Data section >>
▼
(* Every lexicographic transduction $f:\Sigma^*\rightharpoonup\Gamma^*$ (i.e. $f\in\mathsf{Lex}$) is regularity preserving: for every regular language $L\subseteq\Gamma^*$, the set $f^{-1}(L)=\{u\in\mathrm{dom}(f): f(u)\in L\}$ is regular.
   Context: Alphabets are finite. For words $u,v$ of equal length over alphabets $\Sigma_1,\Sigma_2$, $u\otimes v$ is the word over $\Sigma_1\times\Sigma_2$ with $(u\otimes v)[i]=(u[i],v[i])$. A transduction is a partial function $f:\Sigma^*\rightharpoonup\Gamma^*$. A simple transduction is a transduction $f=\sum_{i=1}^n L_i\triangleright w_i$, where $L_1,\dots,L_n\subseteq\Sigma^*$ are pairwise disjoint regular languages and each $w_i\in\Gamma^{\le 1}$ is a word of length at most 1. It satisfies $f(u)=w_i$ if $u\in L_i$, and $f(u)$ is undefined if $u\notin\bigcup_iL_i$. An ordered alphabet is a pair $\lambda=(B,\prec)$ with $B$ a finite set and $\prec$ a strict linear order on $B$. The order is extended to $B^n$ for each $n$ by: $u\prec v$ iff there is $i\le n$ with $u[i]\prec v[i]$ and $u[j]=v[j]$ for all $i<j\le n$ (most significant letter on the right). For a transduction $f:(\Sigma\times B)^*\rightharpoonup\Gamma^*$, the transduction $\mathsf{maplex}_\lambda f:\Sigma^*\rightharpoonup\Gamma^*$ maps $u$ to $f(u\otimes b_1)f(u\otimes b_2)\cdots f(u\otimes b_m)$, where $b_1\prec\cdots\prec b_m$ is the increasing enumeration of all of $B^{|u|}$. It is defined on $u$ iff every $f(u\otimes b_j)$ is defined. The classes are defined inductively: - $\mathsf{Lex}_0$ is the class of simple transductions; - $\mathsf{Lex}_{k+1}=\{\mathsf{maplex}_\lambda f: \lambda=(B,\prec)\text{ an ordered alphabet},\ f:(\Sigma\times B)^*\rightharpoonup\Gamma^*\text{ in }\mathsf{Lex}_k\}$; - $\mathsf{Lex}=\bigcup_k\mathsf{Lex}_k$, the lexicographic transductions. Elements of $\mathsf{Lex}_k$ are called $k$-lexicographic. *)

theory Defs
  imports Main
begin
(* Let $(X,d,A)$ be a metric pair and $p\in[1,\infty)$. If $(X,d)$ is complete, then $(\overline{D}_p(X,A),W_p)$ is complete.
   Context: A metric on $X$ is a map $d:X\times X\to[0,\infty]$ with $d(x,x)=0$, symmetry and the triangle inequality (infinite distances allowed, $d(x,y)=0$ need not imply $x=y$, so limits need not be unique); complete means every Cauchy sequence converges. A metric pair $(X,d,A)$ is such a space with a closed subset $A$. Write $d(x,A)=\inf_{a\in A}d(x,a)$, $A^\delta=\{x:d(x,A)<\delta\}$ for $\delta\in(0,\infty]$. $\overline{D}(X,A)$ is the set of countable formal sums $\hat\alpha=\sum_{i\in I}x_i$ of points of $X\setminus A$ (repetitions allowed); $0$ the empty sum. A matching of $\hat\alpha=\sum_{i\in I}x_i$, $\hat\beta=\sum_{j\in J}y_j$ is a formal sum $\sum_{k\in K}(x_k,y_{\varphi(k)})+\sum_{i\in I\setminus K}(x_i,z_i)+\sum_{j\in J\setminus\varphi(K)}(w_j,y_j)$ with $K\subset I$, $\varphi$ injective, $z_i,w_j\in A$; its $p$-cost is the $\ell^p$ norm of the distances of paired points; $W_p$ is the infimum of $p$-costs. $u_\delta(\alpha)$, $\ell_\delta(\alpha)$ are the restrictions of $\hat\alpha$ to $X\setminus A^\delta$ and to $A^\delta\setminus A$, and $\overline{D}_p(X,A)=\{\alpha: |u_\infty(\alpha)|<\infty,\ W_p(\ell_\infty(\alpha),0)<\infty\}$. *)

theory Defs
  imports "HOL-Analysis.Analysis"
begin

definition emetric_on :: "'a set \<Rightarrow> ('a \<Rightarrow> 'a \<Rightarrow> ennreal) \<Rightarrow> bool" where
  "emetric_on X d \<longleftrightarrow>
     (\<forall>x\<in>X. d x x = 0) \<and> (\<forall>x\<in>X. \<forall>y\<in>X. d x y = d y x) \<and>
     (\<forall>x\<in>X. \<forall>y\<in>X. \<forall>z\<in>X. d x z \<le> d x y + d y z)"

definition eclosed_in :: "'a set \<Rightarrow> ('a \<Rightarrow> 'a \<Rightarrow> ennreal) \<Rightarrow> 'a set \<Rightarrow> bool" where
  "eclosed_in X d A \<longleftrightarrow> A \<subseteq> X \<and>
     (\<forall>x\<in>X - A. \<exists>e::ennreal>0. \<forall>y\<in>X. d x y < e \<longrightarrow> y \<notin> A)"
theorem mainTheorem11:
  fixes k :: real
    and V :: "'v set" and E :: "'e set" and ends :: "'e \<Rightarrow> 'v set" and theta :: "'e \<Rightarrow> real"
  assumes "0 \<le> k" and "k < 1"
  shows "(\<forall>tb. 0 < tb \<and> tb < pi / 2 \<longrightarrow>
            sinh (2 * isingJ (k^2) tb) * sinh (2 * isingJ (- (k^2) / (1 - k^2)) (pi / 2 - tb)) = 1)
       \<and> (finite V \<and> finite E \<and> (\<forall>e\<in>E. ends e \<subseteq> V \<and> card (ends e) = 2)
            \<and> (\<forall>e\<in>E. 0 < theta e \<and> theta e < pi / 2) \<longrightarrow>
          (\<forall>C\<in>polygon_configs V E ends.
             config_measure (polygon_configs V E ends) (\<lambda>e. tanh (isingJ (k^2) (theta e))) C
           = config_measure (polygon_configs V E ends)
               (\<lambda>e. exp (- 2 * isingJ (- (k^2) / (1 - k^2)) (pi / 2 - theta e))) C))"
proof -
  have m: "k^2 < 1"
    using assms by (simp add: abs_square_less_1)
  have "config_measure (polygon_configs V E ends) (\<lambda>e. tanh (isingJ (k^2) (theta e))) C
      = config_measure (polygon_configs V E ends)
          (\<lambda>e. exp (- 2 * isingJ (- (k^2) / (1 - k^2)) (pi / 2 - theta e))) C"
    if angles: "\<forall>e\<in>E. 0 < theta e \<and> theta e < pi / 2" and C: "C \<in> polygon_configs V E ends" for C
  proof (rule config_measure_cong[OF C])
    fix C' e
    assume "C' \<in> polygon_configs V E ends" "e \<in> C'"
    then have "e \<in> E"
      unfolding polygon_configs_def by blast
    then show "tanh (isingJ (k^2) (theta e)) = exp (- 2 * isingJ (- (k^2) / (1 - k^2)) (pi / 2 - theta e))"
      using tanh_isingJ_eq_exp_dual[OF m] angles by blast
  qed
  then show ?thesis
    using sinh_isingJ_dual_product[OF m] by blast
qed

end
lemma sum_WH_coeffs_indicator_translates_le:
  fixes g :: "real \<Rightarrow> complex" and K L :: nat and M \<epsilon> :: real
  assumes [measurable]: "g \<in> borel_measurable lebesgue" "E \<in> sets lebesgue" and "E \<subseteq> {0..<1}"
    and vanish: "\<And>s j. s \<in> E \<Longrightarrow> int K < \<bar>j\<bar> \<Longrightarrow> g (s + of_int j) = 0"
    and bounded: "\<And>s j. s \<in> E \<Longrightarrow> cmod (g (s + of_int j)) \<le> M"
    and small: "\<And>s. s \<in> E \<Longrightarrow> cmod (\<Sum>j\<in>{-int K..int K}. g (s + of_int j)) \<le> \<epsilon>"
    and "finite F"
  shows "(\<Sum>(m, n)\<in>F. (cmod (l2inner (indicator_translates E L) (modul (of_int m) (transl (of_int n) g))))^2)
       \<le> (4 * real K * ((2 * real K + 1) * M)^2 + real L * \<epsilon>^2) * measure lebesgue E"
proof -
  define G where "G n s = (\<Sum>k<L. g (s + of_int (int k - n)))" for n s
  define b where "b n = (LINT s|lebesgue. indicator E s * (cmod (G n s))^2)" for n
  have [measurable]: "G n \<in> borel_measurable lebesgue" for n
    unfolding G_def by measurable
  have "E \<subseteq> {0..1}"
    using \<open>E \<subseteq> {0..<1}\<close> by auto
  have G_window: "G n s = (\<Sum>j\<in>{-n..int L - 1 - n} \<inter> {-int K..int K}. g (s + of_int j))" if "s \<in> E" for n s
    unfolding G_def using vanish[OF that] by (rule sum_translates_eq_sum_window)
  have "b n \<le> ((2 * real K + 1) * M)^2 * measure lebesgue E" for n
    unfolding b_def
  proof (rule set_integral_norm_sq_le)
    fix s assume "s \<in> E"
    have "cmod (G n s) \<le> (\<Sum>j\<in>{-n..int L - 1 - n} \<inter> {-int K..int K}. cmod (g (s + of_int j)))"
      unfolding G_window[OF \<open>s \<in> E\<close>] by (rule norm_sum)
    also have "\<dots> \<le> card ({-n..int L - 1 - n} \<inter> {-int K..int K}) * M"
      using bounded[OF \<open>s \<in> E\<close>] by (intro sum_bounded_above) simp
    also have "\<dots> \<le> (2 * real K + 1) * M"
    proof (rule mult_right_mono)
      show "0 \<le> M" using bounded[OF \<open>s \<in> E\<close>, of 0] norm_ge_zero order_trans by blast
      have "card ({-n..int L - 1 - n} \<inter> {-int K..int K}) \<le> card {-int K..int K}"
        by (intro card_mono) auto
      then show "real (card ({-n..int L - 1 - n} \<inter> {-int K..int K})) \<le> 2 * real K + 1"
        by simp
    qed
    finally show "cmod (G n s) \<le> (2 * real K + 1) * M" .
  qed (use \<open>E \<subseteq> {0..1}\<close> in simp_all)
  moreover have "b n \<le> \<epsilon>^2 * measure lebesgue E" if "n \<in> {int K..int L - 1 - int K}" for n
    unfolding b_def
  proof (rule set_integral_norm_sq_le)
    fix s assume "s \<in> E"
    have "{-n..int L - 1 - n} \<inter> {-int K..int K} = {-int K..int K}"
      using that by auto
    then show "cmod (G n s) \<le> \<epsilon>"
      using small[OF \<open>s \<in> E\<close>] G_window[OF \<open>s \<in> E\<close>] by simp
  qed (use \<open>E \<subseteq> {0..1}\<close> in simp_all)
  moreover have "b n = 0" if "n \<notin> {-int K..int L - 1 + int K}" for n
  proof -
    have "{-n..int L - 1 - n} \<inter> {-int K..int K} = {}"
      using that by auto
    then have "indicator E s * (cmod (G n s))^2 = 0" for s
      using G_window[of s n] by (cases "s \<in> E") simp_all
    then show ?thesis
      unfolding b_def by (simp only: integral_zero)
  qed
  moreover have "(\<Sum>(m, n)\<in>F. (cmod (l2inner (indicator_translates E L) (modul (of_int m) (transl (of_int n) g))))^2)
      \<le> (\<Sum>n\<in>snd ` F. b n)"
    using sum_WH_coeffs_indicator_translates_le_integrals[OF assms(1-3) bounded \<open>finite F\<close>]
    by (simp add: b_def G_def)
  ultimately show ?thesis
    using sum_le_window_profile[of "snd ` F" b "((2 * real K + 1) * M)^2 * measure lebesgue E"
        K L "\<epsilon>^2 * measure lebesgue E"] \<open>finite F\<close>
    by (fastforce simp: b_def algebra_simps)
qed
lemma prime_dvd_shifted_product_cover:
  fixes q m :: nat
  assumes "prime q"
  shows "{k \<in> {1..m}. q dvd k * (k + 2)} \<subseteq>
           (\<lambda>t. q * t + q) ` {..<m div q} \<union> (\<lambda>t. q * t + (q - 2)) ` {..<(m + 2) div q}"
proof
  fix k assume "k \<in> {k \<in> {1..m}. q dvd k * (k + 2)}"
  then have k: "1 \<le> k" "k \<le> m" "q dvd k * (k + 2)"
    by auto
  then have "q dvd k \<or> q dvd k + 2"
    using prime_dvd_mult_iff[OF assms] by blast
  have "q \<ge> 2" using assms by (rule prime_ge_2_nat)
  from \<open>q dvd k \<or> q dvd k + 2\<close>
  show "k \<in> (\<lambda>t. q * t + q) ` {..<m div q} \<union> (\<lambda>t. q * t + (q - 2)) ` {..<(m + 2) div q}"
  proof
    assume "q dvd k"
    then obtain s where s: "k = q * s" ..
    with k have "0 < s" "s * q \<le> m" by (auto simp: mult.commute)
    then have "s - 1 < m div q" and "k = q * (s - 1) + q"
      using less_eq_div_iff_mult_less_eq[of q s m] \<open>q \<ge> 2\<close> s by (auto simp: algebra_simps)
    then show ?thesis by blast
  next
    assume "q dvd k + 2"
    then obtain s where s: "k + 2 = q * s" ..
    with k have "0 < s" "s * q \<le> m + 2"
      by (auto simp: mult.commute intro!: gr0I)
    then have "s - 1 < (m + 2) div q" and "k = q * (s - 1) + (q - 2)"
      using less_eq_div_iff_mult_less_eq[of q s "m + 2"] \<open>q \<ge> 2\<close> s by (auto simp: algebra_simps)
    then show ?thesis by blast
  qed
qed

lemma card_dvd_shifted_residues_le_two:
  fixes p :: nat
  assumes "prime p"
  shows "card {r \<in> {..<p}. p dvd r * (r + 2)} \<le> 2"
proof -
  have "{r \<in> {..<p}. p dvd r * (r + 2)} \<subseteq> {0, p - 2}"
  proof
    fix r assume "r \<in> {r \<in> {..<p}. p dvd r * (r + 2)}"
    then have "r < p" "p dvd r * (r + 2)"
      by auto
    then have "p dvd r \<or> p dvd r + 2"
      using prime_dvd_mult_iff[OF assms] by blast
    then have "r = 0 \<or> r + 2 = p"
    proof
      assume "p dvd r"
      with \<open>r < p\<close> show ?thesis
        by (meson dvd_imp_le gr0I leD)
    next
      assume "p dvd r + 2"
      then have "p dvd r + 2 - p"
        by (simp add: dvd_diff_nat)
      moreover have "r + 2 - p \<le> 1"
        using \<open>r < p\<close> by simp
      moreover have "\<not> p dvd 1"
        using prime_gt_1_nat[OF assms] by simp
      ultimately have "r + 2 - p = 0"
        by (metis One_nat_def le_SucE le_zero_eq)
      then show ?thesis
        using dvd_imp_le[OF \<open>p dvd r + 2\<close>] by simp
    qed
    then show "r \<in> {0, p - 2}" by auto
  qed
  then have "card {r \<in> {..<p}. p dvd r * (r + 2)} \<le> card {0, p - 2}"
    by (rule card_mono[rotated]) simp
  also have "\<dots> \<le> 2"
    by (simp add: card_insert_le_m1)
  finally show ?thesis .
qed

lemma dvd_shifted_product_mod_iff:
  fixes p x :: nat
  shows "p dvd x mod p * (x mod p + 2) \<longleftrightarrow> p dvd x * (x + 2)"
proof -
  have "[x mod p * (x mod p + 2) = x * (x + 2)] (mod p)"
    by (intro cong_mult cong_add) (simp_all add: cong_def)
  then show ?thesis
    by (rule cong_dvd_iff)
qed

lemma card_filter_dvd_shifted_product_le:
  fixes q m :: nat and P :: "nat \<Rightarrow> bool"
  assumes "prime q"
  shows "card {k \<in> {1..m}. P k \<and> q dvd k * (k + 2)}
           \<le> card {t \<in> {..<m div q}. P (q * t + q)}
             + card {t \<in> {..<(m + 2) div q}. P (q * t + (q - 2))}"
proof -
  define A where "A = (\<lambda>t. q * t + q) ` {t \<in> {..<m div q}. P (q * t + q)}"
  define B where "B = (\<lambda>t. q * t + (q - 2)) ` {t \<in> {..<(m + 2) div q}. P (q * t + (q - 2))}"
  have "{k \<in> {1..m}. P k \<and> q dvd k * (k + 2)} \<subseteq> A \<union> B"
  proof
    fix k assume "k \<in> {k \<in> {1..m}. P k \<and> q dvd k * (k + 2)}"
    then have "P k"
      "k \<in> (\<lambda>t. q * t + q) ` {..<m div q} \<union> (\<lambda>t. q * t + (q - 2)) ` {..<(m + 2) div q}"
      using prime_dvd_shifted_product_cover[OF assms, of m] by auto
    then show "k \<in> A \<union> B"
      unfolding A_def B_def by auto
  qed
  then have "card {k \<in> {1..m}. P k \<and> q dvd k * (k + 2)} \<le> card (A \<union> B)"
    by (rule card_mono[rotated]) (simp add: A_def B_def)
  also have "\<dots> \<le> card A + card B"
    by (rule card_Un_le)
  also have "\<dots> \<le> card {t \<in> {..<m div q}. P (q * t + q)}
                  + card {t \<in> {..<(m + 2) div q}. P (q * t + (q - 2))}"
    unfolding A_def B_def by (intro add_mono card_image_le) simp_all
  finally show ?thesis .
qed

lemma Ncount_singleton_le_Ncount_pair:
  fixes p q m M :: nat
  assumes "prime p" "prime q" "p \<noteq> q" "M \<le> m"
    and room: "m div q + (m + 2) div q + 3 * card {r \<in> {..<p}. p dvd r * (r + 2)} \<le> m - M"
  shows "Ncount M {p} \<le> Ncount m {p, q}"
proof -
  define P where "P k \<longleftrightarrow> \<not> p dvd k * (k + 2)" for k
  define c where "c = card {r \<in> {..<p}. P r}"
  define d where "d = card {r \<in> {..<p}. \<not> P r}"
  define G where "G = card {k \<in> {Suc M..m}. P k}"
  define R1 where "R1 = card {t \<in> {..<m div q}. P (q * t + q)}"
  define R2 where "R2 = card {t \<in> {..<(m + 2) div q}. P (q * t + (q - 2))}"
  have "p > 0"
    using assms(1) by (rule prime_gt_0_nat)
  have periodic: "P (x mod p) = P x" for x
    unfolding P_def by (simp only: dvd_shifted_product_mod_iff)
  have "coprime q p"
    using assms(1-3) by (simp add: primes_coprime)
  have "c * (m - M) \<le> p * G + c * d"
    using card_affine_window_bounds[where u = 1 and v = 0 and a = "Suc M" and n = "m - M"]
      \<open>p > 0\<close> periodic \<open>M \<le> m\<close>
    by (simp add: G_def c_def d_def atLeastLessThanSuc_atLeastAtMost)
  moreover have "p * R1 \<le> c * (m div q) + c * d"
    using card_affine_window_bounds[where u = q and v = q and a = 0 and n = "m div q"]
      \<open>p > 0\<close> periodic \<open>coprime q p\<close>
    by (simp add: R1_def c_def d_def atLeast0LessThan distrib_left)
  moreover have "p * R2 \<le> c * ((m + 2) div q) + c * d"
    using card_affine_window_bounds[where u = q and v = "q - 2" and a = 0 and n = "(m + 2) div q"]
      \<open>p > 0\<close> periodic \<open>coprime q p\<close>
    by (simp add: R2_def c_def d_def atLeast0LessThan distrib_left)
  moreover have "c * (m div q) + c * ((m + 2) div q) + 3 * (c * d) \<le> c * (m - M)"
    using mult_le_mono2[OF room, of c] by (simp add: d_def P_def distrib_left)
  ultimately have "p * (R1 + R2) \<le> p * G"
    unfolding distrib_left by linarith
  then have "R1 + R2 \<le> G"
    using \<open>p > 0\<close> by simp
  moreover have "card {k \<in> {1..m}. P k \<and> q dvd k * (k + 2)} \<le> R1 + R2"
    unfolding R1_def R2_def using assms(2) by (rule card_filter_dvd_shifted_product_le)
  moreover have "Ncount m {p} = Ncount M {p} + G"
    using Ncount_add_tail[OF \<open>M \<le> m\<close>, of "{p}"] by (simp add: G_def P_def)
  moreover have "Ncount m {p, q} + card {k \<in> {1..m}. P k \<and> q dvd k * (k + 2)} = Ncount m {p}"
    using Ncount_insert[of m q "{p}"] by (simp add: P_def insert_commute)
  ultimately show ?thesis
    by linarith
qed

lemma two_div_add_shifted_div_le:
  fixes m q :: nat
  assumes "q \<ge> 3"
  shows "2 * (m div q) + (m + 2) div q \<le> 3 * m div q"
proof -
  define T r where "T = m div q" and "r = m mod q"
  have "q > 0" "r < q"
    using assms by (simp_all add: r_def)
  have m: "m = r + q * T"
    by (simp add: T_def r_def)
  have "3 * m div q = 3 * r div q + 3 * T"
    using div_mult_self2[of q "3 * r" "3 * T"] \<open>q > 0\<close> unfolding m by (simp add: algebra_simps)
  moreover have "(m + 2) div q = (r + 2) div q + T"
    using div_mult_self2[of q "r + 2" T] \<open>q > 0\<close> unfolding m by (simp add: algebra_simps)
  moreover have "(r + 2) div q \<le> 3 * r div q"
  proof (cases "r + 2 < q")
    case False
    have "(r + 2) div q < 2"
      using \<open>r < q\<close> assms by (simp add: div_less_iff_less_mult)
    moreover have "1 \<le> 3 * r div q"
      using False assms \<open>q > 0\<close> by (simp add: less_eq_div_iff_mult_less_eq)
    ultimately show ?thesis by linarith
  qed simp
  ultimately show ?thesis
    unfolding T_def by linarith
qed

lemma nat_ceiling_le_diff_div:
  fixes m a q :: nat
  shows "nat \<lceil>real m * (1 - real a / real q)\<rceil> \<le> m - a * m div q"
proof -
  have "real (a * m div q) \<le> real (a * m) / real q"
    by (rule of_nat_div_le_of_nat)
  then have "real m * (1 - real a / real q) \<le> real m - real (a * m div q)"
    by (simp add: algebra_simps)
  then have "\<lceil>real m * (1 - real a / real q)\<rceil> \<le> int m - int (a * m div q)"
    by (simp add: ceiling_le_iff)
  then show ?thesis
    unfolding nat_le_iff by linarith
qed

lemma Ncount_three_five_small:
  assumes "25 \<le> m" "m < 30"
  shows "Ncount (m - 3 * m div 5) {3} \<le> Ncount m {3, 5}"
proof -
  have "\<forall>m \<in> {25, 26, 27, 28, 29}. Ncount (m - 3 * m div 5) {3} \<le> Ncount m {3, 5}"
    by code_simp
  moreover have "m \<in> {25, 26, 27, 28, 29}"
    using assms by auto
  ultimately show ?thesis
    by blast
qed

lemma three_card_dvd_shifted_residues_le_div:
  fixes p q m :: nat
  assumes "prime p" "prime q" "p < q" "q\<^sup>2 \<le> m"
    and not_small: "\<not> (p = 3 \<and> q = 5 \<and> m < 30)"
  shows "3 * card {r \<in> {..<p}. p dvd r * (r + 2)} \<le> m div q"
proof -
  have "q \<le> m div q"
    using assms(4) prime_gt_0_nat[OF assms(2)]
    by (simp add: less_eq_div_iff_mult_less_eq power2_eq_square)
  have "p \<ge> 2" "q \<ge> 3"
    using prime_ge_2_nat[OF assms(1)] assms(3) by simp_all
  have "p = 2 \<or> q \<ge> 7 \<or> (p = 3 \<and> q = 5)"
  proof (rule ccontr)
    assume "\<not> ?thesis"
    then have "p > 2" "q < 7" "\<not> (p = 3 \<and> q = 5)"
      using \<open>p \<ge> 2\<close> by auto
    moreover have "odd p" "odd q"
      using \<open>p > 2\<close> \<open>p < q\<close> assms(1,2) by (simp_all add: prime_odd_nat)
    ultimately show False
      using \<open>p < q\<close> by presburger
  qed
  then consider "p = 2" | "q \<ge> 7" | "p = 3 \<and> q = 5"
    by blast
  then show ?thesis
  proof cases
    case 1
    have "card {r \<in> {..<2::nat}. 2 dvd r * (r + 2)} = 1"
      by code_simp
    then show ?thesis
      using 1 \<open>q \<le> m div q\<close> \<open>q \<ge> 3\<close> by simp
  next
    case 2
    then show ?thesis
      using card_dvd_shifted_residues_le_two[OF assms(1)] \<open>q \<le> m div q\<close> by linarith
  next
    case 3
    with not_small have "6 \<le> m div q"
      by (simp add: less_eq_div_iff_mult_less_eq)
    then show ?thesis
      using card_dvd_shifted_residues_le_two[OF assms(1)] by linarith
  qed
qed

lemma Ncount_ceiling_le_Ncount_pair:
  fixes p q m :: nat
  assumes "prime p" "prime q" "p < q" "q\<^sup>2 \<le> m"
  shows "Ncount (nat \<lceil>real m * (1 - 3 / real q)\<rceil>) {p} \<le> Ncount m {p, q}"
proof -
  define M where "M = nat \<lceil>real m * (1 - 3 / real q)\<rceil>"
  have "q \<ge> 3"
    using prime_ge_2_nat[OF assms(1)] assms(3) by simp
  have M_le: "M \<le> m - 3 * m div q"
    using nat_ceiling_le_diff_div[of m 3 q] unfolding M_def by simp
  show ?thesis
  proof (cases "p = 3 \<and> q = 5 \<and> m < 30")
    case True
    then have "Ncount M {p} \<le> Ncount (m - 3 * m div 5) {3}"
      using M_le by (simp add: Ncount_mono)
    also have "\<dots> \<le> Ncount m {p, q}"
      using True assms(4) Ncount_three_five_small[of m] by simp
    finally show ?thesis
      unfolding M_def .
  next
    case False
    then have "3 * card {r \<in> {..<p}. p dvd r * (r + 2)} \<le> m div q"
      using three_card_dvd_shifted_residues_le_div[OF assms] by blast
    then have "m div q + (m + 2) div q + 3 * card {r \<in> {..<p}. p dvd r * (r + 2)} \<le> m - M"
      using two_div_add_shifted_div_le[OF \<open>q \<ge> 3\<close>, of m] div_le_mono2[of 3 q "3 * m"]
        \<open>q \<ge> 3\<close> M_le by fastforce
    then show ?thesis
      using Ncount_singleton_le_Ncount_pair[OF assms(1,2)] assms(3) M_le unfolding M_def by simp
  qed
qed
▲
Gather up every line from the listing above in which the word "vanish" occurs.

Exercise output >>
    and vanish: "\<And>s j. s \<in> E \<Longrightarrow> int K < \<bar>j\<bar> \<Longrightarrow> g (s + of_int j) = 0"
    unfolding G_def using vanish[OF that] by (rule sum_translates_eq_sum_window)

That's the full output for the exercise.